Disentangling the Roles of Representation and Selection in Data Pruning¶
Conference: ACL 2025
arXiv: 2507.03648
Code: None
Area: Model Compression / Data Pruning
Keywords: Data Pruning, Data Representation, Selection Algorithms, Training Gradient, Efficient NLP Training
TL;DR¶
This paper systematically decomposes data pruning into two independent dimensions: "data representation" and "selection algorithms." Through theoretical analysis and large-scale experiments, it is found that representation quality (especially training gradient) plays a decisive role in pruning performance, while different selection algorithms have their own strengths and weaknesses across different scenarios and often deviate from their design goals.
Background & Motivation¶
Background: Data pruning reduces the training cost of NLP models by selecting high-quality subsets from large-scale training data, serving as an important tool for efficient training. Existing methods include various strategies such as those based on influence functions, gradient matching, and coreset selection.
Limitations of Prior Work: Existing data pruning methods involve numerous design choices—such as how to represent the data (e.g., using pre-trained features, TF-IDF, training gradients) and how to select instances (e.g., greedy, clustering, random sampling). However, these design choices have never been systematically isolated and compared. Researchers often package representation and selection algorithms together when proposing new methods, making it impossible to determine which component drives the performance improvement.
Key Challenge: The two core dimensions of data pruning—representation and selection—are studied in a coupled manner. This coupling prevents the community from establishing a clear understanding: is a better representation more important, or is a cleverer selection algorithm more critical?
Goal: (1) Decompose data pruning into two independent components: representation and selection; (2) systematically evaluate the relative importance of different representations and selection algorithms; (3) reveal whether selection algorithms truly achieve their design objectives.
Key Insight: Through a controlled-variable experimental design, one dimension is fixed to study the impact of the other dimension, similar to the concept of factor analysis.

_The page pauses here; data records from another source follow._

(* Let $\varphi_{-(n+2)}^{l}:=\sqrt{\tfrac{2n+1}{2n+3}}\,\mathcal{K}(\varphi_{n}^{l})$ for $n\in\mathbb{N}_0$, $l=0,\ldots,n$. Then: (i) for all $n\in\mathbb{N}_0$ and $l=0,\ldots,n$, $$\partial_{0}\,\varphi_{-(n+2)}^{l}=-\sqrt{\frac{(2n+1)(n-l+1)(n+l+2)}{2n+3}}\;\varphi_{-(n+3)}^{l};$$ (ii) for all $n\in\mathbb{N}$ and $l=0,\ldots,n-1$, the function $$\mathcal{P}\varphi_{-(n+2)}^{l}:=-\sqrt{\frac{2n+1}{(2n-1)(n-l)(n+l+1)}}\;\varphi_{-(n+1)}^{l}$$ is monogenic in $\mathbb{R}^3\setminus\{0\}$ and satisfies $\partial_{0}\big[\mathcal{P}\varphi_{-(n+2)}^{l}\big]=\varphi_{-(n+2)}^{l}$.
   Context: $\mathbb{H}$: real quaternions with basis $\mathbf{e}_0=1,\mathbf{e}_1,\mathbf{e}_2,\mathbf{e}_3$, $\mathbf{e}_i\mathbf{e}_j+\mathbf{e}_j\mathbf{e}_i=-2\delta_{ij}$ ($i,j=1,2,3$), $\mathbf{e}_1\mathbf{e}_2=\mathbf{e}_3$. A point $(x_0,x_1,x_2)\in\mathbb{R}^3$ is identified with $\mathbf{x}=x_0+x_1\mathbf{e}_1+x_2\mathbf{e}_2$, $\overline{\mathbf{x}}=x_0-x_1\mathbf{e}_1-x_2\mathbf{e}_2$. Operators act from the left: $\bar\partial=\partial_{x_0}+\mathbf{e}_1\partial_{x_1}+\mathbf{e}_2\partial_{x_2}$, $\partial=\partial_{x_0}-\mathbf{e}_1\partial_{x_1}-\mathbf{e}_2\partial_{x_2}$; $f$ is monogenic if $\bar\partial f=0$, and the hypercomplex derivative of a monogenic $f$ is $\partial_0 f:=\tfrac12\partial f$. Kelvin transformation: $\mathcal{K}(P)(\mathbf{x})=\frac{\overline{\mathbf{x}}}{|\mathbf{x}|^3}P\big(\frac{\overline{\mathbf{x}}}{|\mathbf{x}|^2}\big)$. Spherical coordinates: $x_0=r\cos\theta$, $x_1=r\sin\theta\cos\varphi$, $x_2=r\sin\theta\sin\varphi$. With Legendre polynomials $P_k$ and $P_k^m(t)=(1-t^2)^{m/2}\frac{d^m}{dt^m}P_k(t)$ ($P_k^m=0$ for $m>k$), put $\mathcal{A}^{m,n}(\theta)=\tfrac12\big(\sin^2\theta\,\tfrac{d}{dt}[P_{n+1}^m(t)]_{t=\cos\theta}+(n+1)\cos\theta\,P_{n+1}^m(\cos\theta)\big)$ and, for $n\in\mathbb{N}_0$, $l=0,\ldots,n$, $$A_n^l(\mathbf{x})=\frac{2^{l+1}n!\,r^n}{(n+l+2)!}\Big[(n+l+2)\mathcal{A}^{l,n}(\theta)\big(\cos l\varphi-\sin l\varphi\,\mathbf{e}_3\big)+\mathcal{A}^{l+1,n}(\theta)\big(\cos((l+1)\varphi)\mathbf{e}_1+\sin((l+1)\varphi)\mathbf{e}_2\big)\Big],$$ and $\varphi_n^l:=\frac{1}{2^{l+1}n!}\sqrt{\frac{(2n+3)(n-l)!(n+l+1)!}{\pi}}\,A_n^l$ (homogeneous monogenic polynomials forming an orthonormal basis of the square-integrable monogenic functions on the open unit ball). *)

theory Defs
  imports "HOL-Analysis.Analysis" "HOL-Computational_Algebra.Polynomial"
begin

datatype quat = Quat (q0: real) (q1: real) (q2: real) (q3: real)

definition qadd :: "quat \<Rightarrow> quat \<Rightarrow> quat" where
  "qadd a b = Quat (q0 a + q0 b) (q1 a + q1 b) (q2 a + q2 b) (q3 a + q3 b)"

definition qscale :: "real \<Rightarrow> quat \<Rightarrow> quat" where
  "qscale c a = Quat (c * q0 a) (c * q1 a) (c * q2 a) (c * q3 a)"

text \<open>Hamilton product: e_i e_j + e_j e_i = -2 delta_ij, e1 e2 = e3.\<close>
definition qmul :: "quat \<Rightarrow> quat \<Rightarrow> quat" where
  "qmul a b = Quat
     (q0 a * q0 b - q1 a * q1 b - q2 a * q2 b - q3 a * q3 b)
     (q0 a * q1 b + q1 a * q0 b + q2 a * q3 b - q3 a * q2 b)
     (q0 a * q2 b - q1 a * q3 b + q2 a * q0 b + q3 a * q1 b)
     (q0 a * q3 b + q1 a * q2 b - q2 a * q1 b + q3 a * q0 b)"

definition qzero :: quat where "qzero = Quat 0 0 0 0"
definition qe1 :: quat where "qe1 = Quat 0 1 0 0"
definition qe2 :: quat where "qe2 = Quat 0 0 1 0"

type_synonym pt = "real \<times> real \<times> real"

definition pnorm :: "pt \<Rightarrow> real" where
  "pnorm x = sqrt ((fst x)\<^sup>2 + (fst (snd x))\<^sup>2 + (snd (snd x))\<^sup>2)"

definition pquat :: "pt \<Rightarrow> quat" where
  "pquat x = Quat (fst x) (fst (snd x)) (snd (snd x)) 0"

definition pconj_quat :: "pt \<Rightarrow> quat" where
  "pconj_quat x = Quat (fst x) (- fst (snd x)) (- snd (snd x)) 0"
lemma (in prob_space) distr_eq_finite_partition:
  assumes X: "X \<in> M \<rightarrow>\<^sub>M N" and X': "X' \<in> M \<rightarrow>\<^sub>M N"
    and K: "finite K" "C ` space M \<subseteq> K" and C: "\<And>k. k \<in> K \<Longrightarrow> {\<omega>\<in>space M. C \<omega> = k} \<in> events"
    and eq: "\<And>k E. k \<in> K \<Longrightarrow> E \<in> sets N \<Longrightarrow>
      prob {\<omega>\<in>space M. X \<omega> \<in> E \<and> C \<omega> = k} = prob {\<omega>\<in>space M. X' \<omega> \<in> E \<and> C \<omega> = k}"
  shows "distr M N X = distr M N X'"
proof (rule measure_eqI)
  fix E assume "E \<in> sets (distr M N X)"
  then have E: "E \<in> sets N"
    by simp
  have total: "prob (Y -` E \<inter> space M) = (\<Sum>k\<in>K. prob {\<omega>\<in>space M. Y \<omega> \<in> E \<and> C \<omega> = k})"
    if Y: "Y \<in> M \<rightarrow>\<^sub>M N" for Y
  proof -
    have "{\<omega>\<in>space M. Y \<omega> \<in> E \<and> C \<omega> = k} \<in> events" if "k \<in> K" for k
    proof -
      have "{\<omega>\<in>space M. Y \<omega> \<in> E \<and> C \<omega> = k} = (Y -` E \<inter> space M) \<inter> {\<omega>\<in>space M. C \<omega> = k}"
        by auto
      then show ?thesis
        using measurable_sets[OF Y E] C[OF that] by simp
    qed
    moreover have "Y -` E \<inter> space M = (\<Union>k\<in>K. {\<omega>\<in>space M. Y \<omega> \<in> E \<and> C \<omega> = k})"
      using K(2) by auto
    ultimately show ?thesis
      using K(1) by (auto intro!: measure_finite_Union simp: disjoint_family_on_def)
  qed
  show "emeasure (distr M N X) E = emeasure (distr M N X') E"
    using total[OF X] total[OF X'] eq E X X' by (simp add: emeasure_distr emeasure_eq_measure)
qed simp

lemma measurable_Y0 [measurable]: "(Y0 :: 'k::finite unit_rec \<Rightarrow> real) \<in> borel_measurable borel"
  unfolding Y0_def by (intro borel_measurable_continuous_onI continuous_intros)

lemma measurable_Y1 [measurable]: "(Y1 :: 'k::finite unit_rec \<Rightarrow> real) \<in> borel_measurable borel"
  unfolding Y1_def by (intro borel_measurable_continuous_onI continuous_intros)

lemma measurable_Zc [measurable]: "(Zc :: 'k::finite unit_rec \<Rightarrow> real ^ 'k) \<in> borel \<rightarrow>\<^sub>M borel"
  unfolding Zc_def by (intro borel_measurable_continuous_onI continuous_intros)

lemma measurable_obs [measurable]:
  assumes [measurable]: "f \<in> N \<rightarrow>\<^sub>M (borel :: 'k::finite unit_rec measure)" "a \<in> N \<rightarrow>\<^sub>M count_space UNIV"
  shows "(\<lambda>x. obs (f x) (a x)) \<in> N \<rightarrow>\<^sub>M obs_measure"
  unfolding obs_def obs_measure_def by measurable
(* In the setting of the context, suppose that $\rho:=\rho_{\mathcal A_\nu,\mathcal S_{\log},\pi_{\log}}$ is quasi-convex and lower semicontinuous with respect to $\tau_{\log}$. Then for all $X\in\mathcal C$, $$\eta_{\mathfrak R}(X)=\sup_{\varphi\in\mathcal D}\ \inf\big\{\pi(Z):\ Z\in\mathcal S,\ W\in\mathcal B_{\tilde\rho},\ \varphi(W)\ge\varphi(X)-\varphi(Z)\big\},$$ where $\mathcal D$ is the set of all log-linear $\tau$-continuous maps $\varphi\colon\mathcal C\to\mathbb R$ (and $\inf\emptyset=\infty$).
   Context: Probability space $(\Omega,\mathcal F,P)$; $L^0_{++}$ = a.s. strictly positive random variables; $L^\infty_{++}=L^\infty\cap L^0_{++}$; $\frac{\mathcal A}{\mathcal D}=\{AD^{-1}\}$. Setting: nonempty $\mathcal C,\mathcal S,\mathcal K\subset L^0_{++}$ with $\frac{\mathcal C}{\mathcal S}\subset\mathcal K$, $\mathcal K$ a cone, $(\mathcal C,\cdot)$ a group, and (so that all expressions are defined) $\mathcal K\subset\mathcal C$ and $\mathcal S\subset\mathcal C$; pricing map $\pi\colon\mathcal S\to(0,\infty)$. $\mathcal C_{\log},\mathcal S_{\log},\mathcal K_{\log}$ are the images under $\log$. $\mathcal C_{\log}$ is equipped with a topology $\tau_{\log}$ making it a locally convex topological vector space; $\mathcal C$ carries $\tau=\{\exp(U):U\in\tau_{\log}\}$. A map $\varphi\colon\mathcal C\to\mathbb R$ is log-linear if $\varphi(X^\alpha Y^\beta)=\alpha\varphi(X)+\beta\varphi(Y)$ for $X,Y\in\mathcal C$, $\alpha,\beta\in\mathbb R$; the log-linear $\tau$-continuous maps are exactly $\psi\circ\log$ with $\psi$ in the topological dual of $\mathcal C_{\log}$. A return risk measure (RRM), with $L^\infty_{++}\subset\mathcal K$, is a positively homogeneous nondecreasing $\tilde\rho\colon\mathcal K\to(0,\infty)$ with $\tilde\rho(1)=1$; $\mathcal B_{\tilde\rho}=\{K\in\mathcal K:\tilde\rho(K)\le1\}$; $\mathfrak R=(\mathcal B_{\tilde\rho},\mathcal S,\pi)$; MARRM $\eta_{\mathfrak R}(X)=\inf\{\pi(Z):Z\in\mathcal S,\ X/Z\in\mathcal B_{\tilde\rho}\}$. Further $\nu=\log\circ\tilde\rho\circ\exp$, $\mathcal A_\nu=\{Y\in\mathcal K_{\log}:\nu(Y)\le0\}$, $\pi_{\log}=\log\circ\pi\circ\exp$ on $\mathcal S_{\log}$, and $\rho_{\mathcal A_\nu,\mathcal S_{\log},\pi_{\log}}(X_{\log})=\inf\{\pi_{\log}(L):L\in\mathcal S_{\log},\ X_{\log}-L\in\mathcal A_\nu\}$ on $\mathcal C_{\log}$. Quasi-convex: $\rho(\alpha Y_1+(1-\alpha)Y_2)\le\max\{\rho(Y_1),\rho(Y_2)\}$. Conventions $\exp(-\infty)=0$, $\exp(\infty)=\infty$. *)

theory Defs
  imports "HOL-Probability.Probability"
begin
theorem lemmaF9:
  fixes d' :: nat and \<epsilon> \<gamma> :: real and x :: "nat \<Rightarrow> real"
  assumes "d' > 0"
    and "0 < \<epsilon>" and "\<epsilon> < 1" and "0 < \<gamma>" and "\<gamma> < 1"
    and "real d' \<ge> ((1/2) * real_of_int \<lceil>1 / (2*\<epsilon> + \<gamma>)\<rceil>) powr (1/\<gamma>)"
    and "real (card {i\<in>{1..d'}. x i \<noteq> 0}) \<le> real d' powr \<epsilon>"
  shows "\<exists>h\<in>hash_family d' (2*\<epsilon> + \<gamma>).
           \<forall>i\<in>{1..d'}. \<forall>j\<in>{1..d'}. i \<noteq> j \<and> x i \<noteq> 0 \<and> x j \<noteq> 0 \<longrightarrow> h i \<noteq> h j"
proof -
  define e where "e = 2*\<epsilon> + \<gamma>"
  define p where "p = smallest_prime_gt (real d' powr e)"
  define n where "n = hash_len e"
  define S where "S = {i\<in>{1..d'}. x i \<noteq> 0}"
  have "0 < e" using assms(2,4) by (simp add: e_def)
  have "prime p" unfolding p_def by (rule smallest_prime_gt_prime)
  have p_gt: "real d' powr e < real p" unfolding p_def by (rule smallest_prime_gt_greater)
  have "real d' < real p ^ n"
    using assms(1) \<open>0 < e\<close> p_gt unfolding n_def by (intro less_power_hash_len) auto
  then have "\<forall>i\<in>S. i < p ^ n" by (auto simp: S_def simp flip: of_nat_power)
  moreover have "card S * card S * n < 2 * p"
    using assms(4,6,7) \<open>0 < e\<close> p_gt unfolding S_def n_def e_def
    by (intro square_times_hash_len_less) auto
  ultimately obtain a where "a < p" and inj: "inj_on (hash_fun p n a) S"
    using exists_hash_fun_inj_on[OF \<open>prime p\<close>] by blast
  have "hash_fun p n a \<in> hash_family d' (2*\<epsilon> + \<gamma>)"
    using \<open>a < p\<close> unfolding p_def n_def e_def by (rule hash_fun_mem_hash_family)
  moreover have "hash_fun p n a i \<noteq> hash_fun p n a j"
    if "i \<in> {1..d'}" "j \<in> {1..d'}" "i \<noteq> j \<and> x i \<noteq> 0 \<and> x j \<noteq> 0" for i j
    using that inj_onD[OF inj, of i j] by (auto simp: S_def)
  ultimately show ?thesis by blast
qed
end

Core Idea: Decouple representation and selection to find that representation quality is the key factor driving data pruning performance, while the impact of the selection algorithm is relatively minor and inconsistent.
Method¶
Overall Architecture¶
This paper proposes a unified analysis framework for data pruning. Given a training dataset, each data instance is first mapped to a vector space via a certain representation method (such as TF-IDF, pre-trained model embeddings, training gradients, etc.). Then, a selection algorithm (such as difficulty-based selection, diversity selection, coreset methods, etc.) is employed to choose a high-value subset from the candidate pool for training. The input is the original training data and the output is the pruned subset, with the two intermediate steps—representation and selection—completely decoupled for independent analysis.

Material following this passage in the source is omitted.